Go through the records and report each line in which the word "lower" occurs.
====== The records
(* Let $\mathbf{X}$ and $\mathbf{Y}$ be two-dimensional random vectors with $\mathbf{X}\succ_{d}\mathbf{Y}$. Then for every $u\in\mathcal{U}$ satisfying $\frac{\partial^2 u(x_1,x_2)}{\partial x_1\partial x_2}\le 0$ (everywhere), $\mathbb{E}\,u(\mathbf{X})>\mathbb{E}\,u(\mathbf{Y})$.
   Context: For $\mathbf{x},\mathbf{y}\in\mathbb{R}^2$ write $\mathbf{y}\preceq_p\mathbf{x}$ if $y_i\le x_i$ for all $i$, and $\mathbf{x}\succ_p\mathbf{y}$ (Pareto dominance) if $x_i\ge y_i$ for all $i$ and $x_i>y_i$ for some $i$. $\mathcal{U}$ is the class of strictly monotonically increasing functions $u:\mathbb{R}^2\to\mathbb{R}$, i.e. $\mathbf{x}\succ_p\mathbf{y}\implies u(\mathbf{x})>u(\mathbf{y})$. The CDF of a random vector is $F_{\mathbf{X}}(\mathbf{x})=P(\mathbf{X}\preceq_p\mathbf{x})$. $\mathbf{X}\succeq_{\mathrm{FSD}}\mathbf{Y}$ iff $F_{\mathbf{X}}(\mathbf{v})\le F_{\mathbf{Y}}(\mathbf{v})$ for all $\mathbf{v}$; $\mathbf{X}\succ_{\mathrm{FSD}}\mathbf{Y}$ iff additionally $F_{\mathbf{X}}(\mathbf{v})<F_{\mathbf{Y}}(\mathbf{v})$ for some $\mathbf{v}$ (same for real random variables). Distributional dominance $\mathbf{X}\succ_d\mathbf{Y}$: $\mathbf{X}\succeq_{\mathrm{FSD}}\mathbf{Y}$ and $X_i\succ_{\mathrm{FSD}}Y_i$ for some marginal index $i$. All expectations appearing are assumed to exist. *)

theory Defs
  imports "HOL-Probability.Probability"
begin
section \<open>Elementary estimates\<close>

lemma loc_density_bounds:
  fixes h :: "real \<Rightarrow> real"
  assumes [measurable]: "h \<in> borel_measurable borel" and "\<And>x. 0 \<le> h x" and "0 < d" "0 \<le> a"
    and h: "\<And>u. u \<in> {z<..z+d} \<Longrightarrow> a \<le> h u \<and> h u \<le> b"
  shows "a * d \<le> loc (density lborel h) d z" and "loc (density lborel h) d z \<le> b * d"
proof -
  have "a \<le> h (z + d) \<and> h (z + d) \<le> b"
    using assms(3) by (intro h) simp
  then have b: "0 \<le> b"
    using assms(4) by linarith
  have emeasure: "emeasure (density lborel h) {z<..z+d} = (\<integral>\<^sup>+x. ennreal (h x) * indicator {z<..z+d} x \<partial>lborel)"
    by (rule emeasure_density) auto
  have "ennreal (a * d) = (\<integral>\<^sup>+x. ennreal a * indicator {z<..z+d} x \<partial>lborel)"
    using assms by (subst nn_integral_cmult_indicator) (auto simp: ennreal_mult)
  also have "\<dots> \<le> emeasure (density lborel h) {z<..z+d}"
    unfolding emeasure by (intro nn_integral_mono) (auto simp: indicator_def h ennreal_leI)
  finally have lower: "ennreal (a * d) \<le> emeasure (density lborel h) {z<..z+d}" .
  have "emeasure (density lborel h) {z<..z+d} \<le> (\<integral>\<^sup>+x. ennreal b * indicator {z<..z+d} x \<partial>lborel)"
    unfolding emeasure by (intro nn_integral_mono) (auto simp: indicator_def h ennreal_leI)
  also have "\<dots> = ennreal (b * d)"
    using assms b by (subst nn_integral_cmult_indicator) (auto simp: ennreal_mult)
  finally have upper: "emeasure (density lborel h) {z<..z+d} \<le> ennreal (b * d)" .
  then have finite: "emeasure (density lborel h) {z<..z+d} = ennreal (loc (density lborel h) d z)"
    unfolding loc_def by (intro emeasure_eq_ennreal_measure) (auto simp: top_unique)
  show "a * d \<le> loc (density lborel h) d z"
    using lower unfolding finite by (simp add: loc_def)
  show "loc (density lborel h) d z \<le> b * d"
    using upper b assms(3) unfolding finite by simp
qed

lemma nn_integral_divide_const:
  fixes f :: "'a \<Rightarrow> real"
  assumes "f \<in> borel_measurable M" "\<And>x. 0 \<le> f x" "0 < c" "(\<integral>\<^sup>+x. ennreal (f x) \<partial>M) = ennreal I"
  shows "(\<integral>\<^sup>+x. ennreal (f x / c) \<partial>M) = ennreal (I / c)"
proof -
  have "(\<integral>\<^sup>+x. ennreal (f x / c) \<partial>M) = (\<integral>\<^sup>+x. ennreal (f x) * ennreal (1 / c) \<partial>M)"
    using assms(3) by (intro nn_integral_cong) (simp add: ennreal_mult''[symmetric])
  also have "\<dots> = (\<integral>\<^sup>+x. ennreal (f x) \<partial>M) * ennreal (1 / c)"
    using assms(1) by (intro nn_integral_multc) measurable
  also have "\<dots> = ennreal (I / c)"
    using assms(3,4) by (simp add: ennreal_mult''[symmetric])
  finally show ?thesis .
qed
lemma op_bound_upper_right_block:
  fixes B :: "real mat"
  assumes B: "B \<in> carrier_mat n q" and bB: "op_bound B b" and b: "0 \<le> b"
  shows "op_bound (four_block_mat (0\<^sub>m n r) B (0\<^sub>m m r) (0\<^sub>m m q)) (real (n + m) * real (r + q) * b)"
proof (rule op_bound_entries)
  show "four_block_mat (0\<^sub>m n r) B (0\<^sub>m m r) (0\<^sub>m m q) \<in> carrier_mat (n + m) (r + q)" using B by simp
  fix i j assume "i < n + m" "j < r + q"
  thus "\<bar>four_block_mat (0\<^sub>m n r) B (0\<^sub>m m r) (0\<^sub>m m q) $$ (i,j)\<bar> \<le> b"
    using abs_entry_le_op_bound[OF bB, of i "j - r"] B b by auto
qed

lemma perturbed_block_inverse:
  fixes A B G D K0i :: "real mat"
  assumes A: "A \<in> carrier_mat n r" and B: "B \<in> carrier_mat n q" and G: "G \<in> carrier_mat m r"
    and D: "D \<in> carrier_mat m q" and N: "N = n + m" "N = r + q"
    and K0i: "K0i \<in> carrier_mat N N" "four_block_mat A (0\<^sub>m n q) G D * K0i = 1\<^sub>m N"
    and bK0i: "op_bound K0i c0" "0 \<le> c0" and bB: "op_bound B b" "0 \<le> b"
    and small: "c0 * (real N * real N * b) \<le> 1/2"
  shows "invertible_mat (four_block_mat A B G D)"
    "\<And>X. X \<in> carrier_mat N N \<Longrightarrow> four_block_mat A B G D * X = 1\<^sub>m N \<Longrightarrow>
      X * four_block_mat A B G D = 1\<^sub>m N \<and> op_bound X (2 * c0)"
proof -
  define Z where "Z = four_block_mat (0\<^sub>m n r) B (0\<^sub>m m r) (0\<^sub>m m q)"
  note carrier_N = four_block_carrier_mat[OF A D, unfolded N(1)[symmetric] N(2)[symmetric]]
  have K0: "four_block_mat A (0\<^sub>m n q) G D \<in> carrier_mat N N" by (rule carrier_N)
  have "Z \<in> carrier_mat (n + m) (r + q)" unfolding Z_def using B by simp
  hence Z: "Z \<in> carrier_mat N N" "op_bound Z (real N * real N * b)"
    unfolding Z_def N(1)[symmetric] N(2)[symmetric]
    using op_bound_upper_right_block[OF B bB(1,2), of r m, unfolded N(1)[symmetric] N(2)[symmetric]] by auto
  have KZ: "four_block_mat A B G D = four_block_mat A (0\<^sub>m n q) G D + Z"
    unfolding Z_def using A B G D by (simp add: add_four_block_mat[of _ n r _ q _ m])
  obtain Ki where Ki: "Ki \<in> carrier_mat N N" "four_block_mat A B G D * Ki = 1\<^sub>m N"
    "Ki * four_block_mat A B G D = 1\<^sub>m N" "op_bound Ki (2 * c0)"
    using perturbed_inverse[OF K0 K0i bK0i Z small] unfolding KZ by blast
  have K: "four_block_mat A B G D \<in> carrier_mat N N" by (rule carrier_N)
  show "invertible_mat (four_block_mat A B G D)" by (rule invertible_matI[OF K Ki(1,3)])
  fix X assume X: "X \<in> carrier_mat N N" and KX: "four_block_mat A B G D * X = 1\<^sub>m N"
  have "X = (Ki * four_block_mat A B G D) * X" using Ki(3) X by simp
  also have "\<dots> = Ki" using Ki(1) K X KX by simp
  finally show "X * four_block_mat A B G D = 1\<^sub>m N \<and> op_bound X (2 * c0)" using Ki by simp
qed
lemma Ext_subset_covered:
  assumes "S \<subseteq> covered T"
  shows "Ext S \<subseteq> covered T"
proof
  fix g assume "g \<in> Ext S"
  then obtain F where F: "F \<subseteq> S" "compatible F" and g: "g = join F"
    unfolding Ext_def by blast
  have "\<exists>h\<in>T. h \<subseteq>\<^sub>m g \<and> x \<in> dom h" if "x \<in> dom g" for x
  proof -
    have "x \<in> \<Union>(dom ` F)"
      using \<open>x \<in> dom g\<close> g dom_join by metis
    then obtain f where "f \<in> F" "x \<in> dom f"
      by blast
    moreover have "f \<in> covered T"
      using \<open>f \<in> F\<close> F(1) assms by blast
    ultimately obtain h where "h \<in> T" "h \<subseteq>\<^sub>m f" "x \<in> dom h"
      unfolding covered_def by blast
    moreover have "f \<subseteq>\<^sub>m g"
      using g map_le_join[OF F(2) \<open>f \<in> F\<close>] by simp
    ultimately show ?thesis
      using map_le_trans by blast
  qed
  then show "g \<in> covered T"
    by (simp add: covered_def)
qed

lemma Ext_Un_subset_covered: "Ext T \<union> Ext T' \<subseteq> covered (T \<union> T')"
  using Ext_mono[of T "T \<union> T'"] Ext_mono[of T' "T \<union> T'"]
    Ext_subset_covered[OF subset_covered[of "T \<union> T'"]] by blast

lemma Ext_meet_subset_covered: "Ext (meet T T') \<subseteq> covered (T \<union> T')"
  using Ext_subset_covered Ext_Un_subset_covered Prime_subset
  unfolding meet_def by (metis subset_trans)

lemma down_subset_down:
  "causal_order E R \<Longrightarrow> x \<in> down E R y \<Longrightarrow> down E R x \<subseteq> down E R y"
  unfolding causal_order_def down_def trans_def by blast

lemma in_down_self: "causal_order E R \<Longrightarrow> w \<in> E \<Longrightarrow> w \<in> down E R w"
  unfolding causal_order_def down_def refl_on_def by blast

lemma Hist_down_subset_dom:
  assumes "causal_order E R" "h \<in> Hist E R I" "x \<in> dom h"
  shows "down E R x \<subseteq> dom h"
proof -
  obtain y where "dom h = down E R y"
    using assms(2) unfolding Hist_def by blast
  then show ?thesis
    using assms(1,3) down_subset_down by metis
qed

lemma Hist_value: "h \<in> Hist E R I \<Longrightarrow> x \<in> dom h \<Longrightarrow> x \<in> E \<and> the (h x) \<in> I x"
  unfolding Hist_def down_def by auto

lemma restrict_in_Hist:
  assumes "w \<in> E" "down E R w \<subseteq> dom g" "\<forall>x\<in>down E R w. the (g x) \<in> I x"
  shows "g |` down E R w \<in> Hist E R I"
  unfolding Hist_def using assms by auto

locale two_causal_orders =
  fixes E :: "'e set" and R R' :: "'e rel" and I :: "'e \<Rightarrow> 'v set"
  assumes causal_R: "causal_order E R" and causal_R': "causal_order E R'"
begin

abbreviation \<Theta> :: "('e \<rightharpoonup> 'v) set" where "\<Theta> \<equiv> Hist E R I"
abbreviation \<Theta>' :: "('e \<rightharpoonup> 'v) set" where "\<Theta>' \<equiv> Hist E R' I"

lemma covered_down_subset_dom:
  assumes "g \<in> covered (\<Theta> \<union> \<Theta>')" "x \<in> dom g"
  shows "down E R x \<subseteq> dom g \<or> down E R' x \<subseteq> dom g"
proof -
  obtain h where "h \<in> \<Theta> \<union> \<Theta>'" "h \<subseteq>\<^sub>m g" "x \<in> dom h"
    using assms unfolding covered_def by blast
  then show ?thesis
    using Hist_down_subset_dom[OF causal_R] Hist_down_subset_dom[OF causal_R']
      map_le_implies_dom_le by blast
qed

lemma covered_value:
  assumes "g \<in> covered (\<Theta> \<union> \<Theta>')" "x \<in> dom g"
  shows "x \<in> E \<and> the (g x) \<in> I x"
proof -
  obtain h where "h \<in> \<Theta> \<union> \<Theta>'" "h \<subseteq>\<^sub>m g" "x \<in> dom h"
    using assms unfolding covered_def by blast
  then show ?thesis
    using Hist_value by (metis Un_iff map_le_def)
qed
============
◆ Answer:
  finally have lower: "ennreal (a * d) \<le> emeasure (density lborel h) {z<..z+d}" .
    using lower unfolding finite by (simp add: loc_def)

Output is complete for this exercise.